Dressing method and quadratic bundles related to symmetric spaces. Vanishing boundary conditions

TL;DR

This paper explores quadratic bundles linked to Hermitian symmetric spaces, focusing on a multi-component Kaup-Newell equation, and demonstrates how dressing methods can generate reflectionless potentials for integrable hierarchies.

Contribution

It introduces a dressing approach for quadratic bundles associated with symmetric spaces, enabling construction of reflectionless potentials and solutions for related integrable equations.

Findings

Derived reflectionless potentials with zero boundary conditions.

Constructed fast decaying solutions including solitons and rational solutions.
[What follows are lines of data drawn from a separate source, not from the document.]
text \<open>Part (a): the Gaussian transform along the circle y |-> t e^(i k y) raises zeta by 1/2.
  Since Re(i k) = 0, the absolute moments are just those of E^(zeta) at |t|.\<close>

lemma pq_exp_gaussian_transform_circle:
  fixes \<zeta> x :: real and t :: complex
  assumes hyp: "p * exp (- 2 * \<zeta> * k\<^sup>2) < 1"
  shows "pq_exp p q (\<zeta> + 1/2) (t * complex_of_real (exp (- k * x))) * complex_of_real (exp (- (x^2) / 2))
       = complex_of_real (1 / sqrt (2 * pi)) *
         (LBINT y. exp (\<i> * complex_of_real (x * y) - complex_of_real (y^2 / 2))
                   * pq_exp p q \<zeta> (t * exp (\<i> * complex_of_real (k * y))))"
proof -
  define c where "c n = complex_of_real (pq_coeff p q \<zeta> n)" for n
  have entire: "summable (\<lambda>n. norm (c n) * r ^ n)" if "0 \<le> r" for r
    unfolding c_def pq_coeff_norm by (rule pq_coeff_summable_gaussian[OF hyp that])
  have moments: "summable (\<lambda>n. norm (c n) * norm t ^ n * exp ((Re (\<i> * of_real k) * n)\<^sup>2 / 2))"
    using entire[of "norm t"] by simp
  have series: "(\<Sum>n. c n * (t * exp (\<i> * of_real k * of_real y)) ^ n)
      = pq_exp p q \<zeta> (t * exp (\<i> * complex_of_real (k * y)))" for y
    unfolding pq_exp_series c_def by (simp add: mult.assoc)
  have "(\<lambda>n. c n * t ^ n * exp ((\<i> * of_real x + \<i> * of_real k * of_nat n)\<^sup>2 / 2)) sums
      (complex_of_real (1 / sqrt (2 * pi)) *
       (LBINT y. exp (\<i> * complex_of_real (x * y) - complex_of_real (y^2 / 2))
                 * pq_exp p q \<zeta> (t * exp (\<i> * complex_of_real (k * y)))))"
    using gaussian_transform_power_series[OF entire moments] unfolding series .
  moreover have "p * exp (- 2 * (\<zeta> + 1/2) * k\<^sup>2) < 1"
  proof -
    have "p * exp (- 2 * (\<zeta> + 1/2) * k\<^sup>2) \<le> p * exp (- 2 * \<zeta> * k\<^sup>2)"
      using p_pos by (intro mult_left_mono) (auto simp: algebra_simps)
    then show ?thesis
      using hyp by linarith
  qed
  then have "(\<lambda>n. complex_of_real (pq_coeff p q (\<zeta> + 1/2) n) * (t * complex_of_real (exp (- k * x))) ^ n
          * complex_of_real (exp (- (x^2) / 2)))
      sums (pq_exp p q (\<zeta> + 1/2) (t * complex_of_real (exp (- k * x))) * complex_of_real (exp (- (x^2) / 2)))"
    by (intro sums_mult2 pq_exp_sums)
  ultimately show ?thesis
    unfolding c_def pq_coeff_circle_termwise by (simp add: sums_unique2)
qed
Applied dressing method to a multi-component Kaup-Newell equation.

Abstract

We consider quadratic bundles related to Hermitian symmetric spaces of the type SU(m+n)/S(U(m)x U(n)). The simplest representative of the corresponding integrable hierarchy is given by a multi-component Kaup-Newell derivative nonlinear Schroedinger equation which serves as a motivational example for our general considerations. We extensively discuss how one can apply Zakharov-Shabat's dressing procedure to derive reflectionless potentials obeying zero boundary conditions. Those could be used for one to construct fast decaying solutions to any nonlinear equation belonging to the same hierarchy. One can distinguish between generic soliton type solutions and rational solutions.